Development of Methods for Coordinate Measurement of Total Cell-Associated and Integrated Human Immunodeficiency Virus Type 1 (HIV-1) DNA Forms in Routine Clinical Samples: Levels Are Not Associated with Clinical Parameters, but Low Levels of Integrated HIV-1 DNA May Be Prognostic for Continued Successful Therapy{triangledown}

J. M. Carr,1,2* K. M. Cheney,1,2 C. Coolen,1 A. Davis,1 D. Shaw,3 W. Ferguson,3 G. Chang,1 G. Higgins,1 C. Burrell,1,2 and P. Li1,2

Infectious Diseases Laboratories, Institute of Medical and Veterinary Science, Frome Rd., Adelaide 5000, Australia,1 School of Molecular and Biomedical Sciences, University of Adelaide, North Terrace, Adelaide 5005, Australia,2 Infectious Diseases Unit, Royal Adelaide Hospital, North Terrace, Adelaide 5000, Australia3

Received 18 September 2006/ Returned for modification 3 November 2006/ Accepted 9 February 2007

We have adapted our established Alu PCR assay for proviral DNA and PCR for total cellular DNA to a real-time PCR format and applied these to human immunodeficiency virus (HIV)-positive specimens collected for routine determination of the plasma viral load (pVL). In a cohort of five patients, measurements of integrated viral load (iVL) and cell-associated viral load (cVL) in CD4+ cells isolated by a single positive selection step were not indicative of HIV DNA levels in the circulation, and further analysis was performed on peripheral blood mononuclear cells (PBMC). In a cohort of 46 samples total cVL was quantitated in most samples, but iVL could be quantitated in only 47.8%, since in 26% iVL was undetectable and in 21.7% the results were invalid due to high levels of unintegrated HIV DNA. There was no correlation of cVL or iVL with pVL, CD4 count, or duration of successful antiretroviral treatment. Out of 26 patients with undetectable pVL, 4 patients failed therapy within the subsequent 12 months and had higher than average iVL, but this was not the case for cVL. Among nine patients with long-term undetectable pVL, no consistent decline in cVL or iVL was seen with time, and changes in cVL and iVL within a patient could be concordant or discordant. These results show that cVL and iVL can be coordinately measured in PBMC from clinical samples but do not correlate with pVL, CD4 counts, or length of suppressive antiretroviral therapy. Interestingly, a high iVL (but not a high cVL) in patients with undetectable pVL was associated with subsequent treatment failure.

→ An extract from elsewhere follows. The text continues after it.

(* Let $X$ be a compact complex manifold of dimension $n$ with Kähler form $\omega$, $D\subset\mathbb{C}^m$ open with coordinates $z_1,\dots,z_m$, and let $u$ be a $C^2$ real function on $D\times X$ with $\omega+i\partial\bar\partial u(z,\cdot)>0$ on $X$ for all $z\in D$. Let $x=(x_1,\dots,x_n)$ be local holomorphic coordinates on an open set $W\subset X$ on which $\psi$ is a local potential of $\omega$. Then for every holomorphic map $f$ from an open subset of $D$ into $W$, $$\Delta\big(\psi(f(z))+u(z,f(z))\big)\ \ge\ \sum_{j=1}^m\frac{\det(u+\psi)_j}{\det(\psi_{\mu\bar\lambda}+u_{\mu\bar\lambda})}\Big|_{(z,f(z))}.$$ Moreover, for every $(z_0,x_0)\in D\times W$ there is such an $f$, defined near $z_0$, with $f(z_0)=x_0$ and $$\Delta\big(\psi(f(z))+u(z,f(z))\big)\big|_{z_0}=\sum_{j=1}^m\frac{\det(u+\psi)_j}{\det(\psi_{\mu\bar\lambda}+u_{\mu\bar\lambda})}\Big|_{(z_0,x_0)}.$$
   Context: $\Delta=\sum_{i=1}^m\partial^2/\partial z_i\partial\bar z_i$. A local potential of $\omega$ on $W$ is a smooth real $\psi$ with $i\partial\bar\partial\psi=\omega$ on $W$. Here $u_{\mu\bar\lambda}=\partial^2u/\partial x_\mu\partial\bar x_\lambda$, $\psi_{\mu\bar\lambda}=\partial^2\psi/\partial x_\mu\partial\bar x_\lambda$, and $(u+\psi)_j$ denotes the $(n+1)\times(n+1)$ complex Hessian of $u+\psi$ in the variables $(z_j,x_1,\dots,x_n)$, i.e. the matrix with first row $((u+\psi)_{z_j\bar z_j},(u+\psi)_{z_j\bar x_1},\dots,(u+\psi)_{z_j\bar x_n})$ and row $\mu+1$ equal to $((u+\psi)_{x_\mu\bar z_j},(u+\psi)_{x_\mu\bar x_1},\dots,(u+\psi)_{x_\mu\bar x_n})$. *)

theory Defs
  imports "HOL-Analysis.Analysis"
begin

* Corresponding author. Mailing address: Infectious Diseases Laboratories, Institute of Medical and Veterinary Science, Frome Rd., Adelaide, South Australia 5000, Australia. Phone: 61 8 8222 3574. Fax: 61 8 8222 3543. E-mail: jill.carr{at}imvs.sa.gov.au

{triangledown} Published ahead of print on 21 February 2007.


Journal of Clinical Microbiology, April 2007, p. 1288-1297, Vol. 45, No. 4
0095-1137/07/$08.00+0     doi:10.1128/JCM.01926-06
Copyright © 2007, American Society for Microbiology. All Rights Reserved.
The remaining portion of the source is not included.